LeetCode 3297 - Count Substrings That Can Be Rearranged to Contain a String I

We are given two lowercase strings, word1 and word2. A substring of word1 is considered valid if its characters can be rearranged so that word2 becomes a prefix of the rearranged string. To understand what this means, suppose word2 = "abc".

leetcodemediumhash-tablestringsliding-window

LeetCode Problem 3297

Difficulty: 🟡 Medium
Topics: Hash Table, String, Sliding Window

Solution

LeetCode 3297 - Count Substrings That Can Be Rearranged to Contain a String I

Problem Understanding

We are given two lowercase strings, word1 and word2.

A substring of word1 is considered valid if its characters can be rearranged so that word2 becomes a prefix of the rearranged string.

To understand what this means, suppose word2 = "abc". If a substring contains at least one 'a', one 'b', and one 'c', then we can rearrange the substring so that those three characters appear first, forming the prefix "abc". Any extra characters can appear afterward.

Therefore, the ordering inside the substring does not matter. Only the character frequencies matter.

More generally, if word2 contains repeated characters, then the substring must contain at least the same frequency of every character. For example:

  • If word2 = "abc", a valid substring must contain at least:

  • 1 'a'

  • 1 'b'

  • 1 'c'

  • If word2 = "aaabc", a valid substring must contain at least:

  • 3 'a'

  • 1 'b'

  • 1 'c'

The task is to count how many substrings of word1 satisfy these frequency requirements.
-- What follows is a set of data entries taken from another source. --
(* Let $n_1\ge1$, $n_2\ge1$ with $n_1+n_2\ge3$. Let $\mathcal L$ be the real Lie algebra generated by all block diagonal matrices $\begin{pmatrix}A&0\\0&B\end{pmatrix}$ with $A\in su(n_1)$, $B\in su(n_2)$ arbitrary, together with a single matrix which has entries $i$ in positions $(j,m)$ and $(m,j)$ and zeros elsewhere, for some fixed $1\le j\le n_1$ and $n_1+1\le m\le n_1+n_2$. Then $\mathcal L=su(n_1+n_2)$. *)

theory Defs
  imports Complex_Main "Jordan_Normal_Form.Matrix"
begin

definition mtrace :: "'a::comm_ring_1 mat \<Rightarrow> 'a" where
  "mtrace A = (\<Sum>i<dim_row A. A $$ (i,i))"

definition su :: "nat \<Rightarrow> complex mat set" where
  "su n = {A \<in> carrier_mat n n.
             (\<forall>i<n. \<forall>k<n. A $$ (k,i) = - cnj (A $$ (i,k))) \<and> mtrace A = 0}"

definition lie_bracket :: "complex mat \<Rightarrow> complex mat \<Rightarrow> complex mat" where
  "lie_bracket X Y = X * Y - Y * X"

inductive_set real_lie_gen :: "nat \<Rightarrow> complex mat set \<Rightarrow> complex mat set"
  for n :: nat and S :: "complex mat set" where
  gen: "X \<in> S \<Longrightarrow> X \<in> real_lie_gen n S"
| zero: "0\<^sub>m n n \<in> real_lie_gen n S"
| add: "X \<in> real_lie_gen n S \<Longrightarrow> Y \<in> real_lie_gen n S \<Longrightarrow> X + Y \<in> real_lie_gen n S"
| smult: "X \<in> real_lie_gen n S \<Longrightarrow> complex_of_real r \<cdot>\<^sub>m X \<in> real_lie_gen n S"
| bracket: "X \<in> real_lie_gen n S \<Longrightarrow> Y \<in> real_lie_gen n S \<Longrightarrow> lie_bracket X Y \<in> real_lie_gen n S"

definition block_diag :: "complex mat \<Rightarrow> complex mat \<Rightarrow> complex mat" where
  "block_diag A B = four_block_mat A (0\<^sub>m (dim_row A) (dim_col B)) (0\<^sub>m (dim_row B) (dim_col A)) B"

text \<open>The n x n matrix with entries i at positions (j,m) and (m,j) and 0 elsewhere (0-based indices).\<close>
definition sym_i_mat :: "nat \<Rightarrow> nat \<Rightarrow> nat \<Rightarrow> complex mat" where
  "sym_i_mat n j m = mat n n (\<lambda>(a,b). if (a = j \<and> b = m) \<or> (a = m \<and> b = j) then \<i> else 0)"

end

theory Submission
  imports Defs
begin

text \<open>
  The generated algebra lies in su(n), n = n1 + n2, because su(n) is a real Lie algebra containing
  the generators. Conversely su(n) is spanned over the reals by the matrices
  X_ab = E_ab - E_ba, Y_ab = i(E_ab + E_ba) and D_ab = i(E_aa - E_bb), so it suffices to generate these.
  The block diagonal generators give X_ab and Y_ab for a, b in the same block, and the extra
  generator is Y_jm. The identity [X_ab, Y_bc] = Y_ac moves either index of a cross element Y_pq
  within its block, which yields every Y_ab. Then [Y_ac, Y_cb] = -X_ab for any third index c
  (this needs n >= 3) and [X_ab, Y_ab] = 2 D_ab.
\<close>

section \<open>Matrix units and their brackets\<close>

definition mat_unit :: "nat \<Rightarrow> nat \<Rightarrow> nat \<Rightarrow> 'a::semiring_1 mat" where
  "mat_unit n a b = mat n n (\<lambda>(r, s). if r = a \<and> s = b then 1 else 0)"

lemma mat_unit_carrier [simp]: "mat_unit n a b \<in> carrier_mat n n"
  and dim_mat_unit [simp]: "dim_row (mat_unit n a b) = n" "dim_col (mat_unit n a b) = n"
  by (simp_all add: mat_unit_def)

lemma index_mat_unit [simp]:
  "r < n \<Longrightarrow> s < n \<Longrightarrow> mat_unit n a b $$ (r, s) = (if r = a \<and> s = b then 1 else 0)"
  by (simp add: mat_unit_def)

lemma mat_unit_mult:
  assumes "b < n"
  shows "mat_unit n a b * mat_unit n c d =
    (if b = c then mat_unit n a d else 0\<^sub>m n n :: 'a::semiring_1 mat)"
proof (rule eq_matI)
  fix r s assume "r < dim_row (if b = c then mat_unit n a d else 0\<^sub>m n n :: 'a mat)"
    "s < dim_col (if b = c then mat_unit n a d else 0\<^sub>m n n :: 'a mat)"
  then have rs: "r < n" "s < n" by (auto split: if_splits)
  have "(mat_unit n a b * mat_unit n c d :: 'a mat) $$ (r, s)
      = (\<Sum>k<n. (if r = a \<and> k = b then 1 else 0) * (if k = c \<and> s = d then 1 else 0))"
    using rs by (simp add: scalar_prod_def lessThan_atLeast0)
  also have "\<dots> = (\<Sum>k<n. if k = b then (if r = a \<and> b = c \<and> s = d then 1 else 0) else 0)"
    by (rule sum.cong) auto
  also have "\<dots> = (if b = c then mat_unit n a d else 0\<^sub>m n n :: 'a mat) $$ (r, s)"
    using rs assms by auto
  finally show "(mat_unit n a b * mat_unit n c d) $$ (r, s) = \<dots>" .
qed auto

definition antisym_unit :: "nat \<Rightarrow> nat \<Rightarrow> nat \<Rightarrow> complex mat" where
  "antisym_unit n a b = mat_unit n a b - mat_unit n b a"

definition isym_unit :: "nat \<Rightarrow> nat \<Rightarrow> nat \<Rightarrow> complex mat" where
  "isym_unit n a b = \<i> \<cdot>\<^sub>m (mat_unit n a b + mat_unit n b a)"

definition idiag_unit :: "nat \<Rightarrow> nat \<Rightarrow> nat \<Rightarrow> complex mat" where
  "idiag_unit n a b = \<i> \<cdot>\<^sub>m (mat_unit n a a - mat_unit n b b)"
The constraints are important:

  • |word1| ≤ 100000
  • |word2| ≤ 10000

A quadratic solution that examines every substring individually would be far too slow because word1 can contain one hundred thousand characters. We need a solution that runs approximately in linear time.

Important edge cases include:

  • word2 contains repeated characters.
  • word1 is shorter than word2.
  • Required characters never appear enough times.
  • Every sufficiently long substring is valid.
  • A valid window may contain many extra characters that are irrelevant to the requirements.

Approaches

Brute Force

The most direct approach is to enumerate every substring of word1.
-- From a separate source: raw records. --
lemma ellipse_perimeter_pos:
  assumes "R + r \<noteq> 0" shows "0 < ellipse_perimeter R r"
proof -
  have cont: "continuous_on {0..2*pi} (\<lambda>\<phi>. w2 \<phi> R r)"
    using continuous_on_w2 by (rule continuous_on_subset) simp
  have "ellipse_perimeter R r \<ge> 0"
    unfolding ellipse_perimeter_def
    by (intro integral_nonneg integrable_continuous_interval cont w2_nonneg)
  moreover have "ellipse_perimeter R r = 0 \<longleftrightarrow> (\<forall>\<phi>\<in>{0..2*pi}. w2 \<phi> R r = 0)"
    unfolding ellipse_perimeter_def by (rule integral_eq_0_iff[OF cont]) (simp_all add: w2_nonneg)
  ultimately show ?thesis
    using w2_pos[OF assms, of 0] by force
qed

lemma ellipse_state_eq_distr:
  "R + r \<noteq> 0 \<Longrightarrow> ellipse_state R r = distr (ellipse_parameter_measure R r) borel (ell_curve R r)"
  using ellipse_perimeter_pos[of R r]
  unfolding ellipse_state_def ellipse_parameter_measure_def by (simp add: ellipse_perimeter_def)

lemma ell_curve_measurable: "ell_curve R r \<in> measurable (ellipse_parameter_measure R r) borel"
  unfolding ellipse_parameter_measure_def measurable_density_eq1
  by (rule measurable_restrict_space1) (simp add: borel_measurable_continuous_onI continuous_on_ell_curve)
For each starting position, we expand the ending position and maintain character frequencies. For every substring, we check whether its frequency counts satisfy all requirements from word2.

This approach is correct because every substring is examined exactly once and tested against the validity condition.

However, there are O(n²) substrings. Even if frequency checking is optimized to O(26), the overall complexity becomes O(n²), which is far too slow for n = 100000.

Key Observation

A substring is valid if and only if its frequency count contains at least the required frequency of every character in word2.

This transforms the problem into a frequency coverage problem.

Suppose we use a sliding window [left, right].

When the current window satisfies all frequency requirements, every larger window that starts at the same left and ends at or after right is also valid. Adding more characters cannot invalidate the frequency requirements.

Therefore, once a valid window is found:

  • Current window [left, right] is valid.
  • [left, right+1], [left, right+2], ..., [left, n-1] are also valid.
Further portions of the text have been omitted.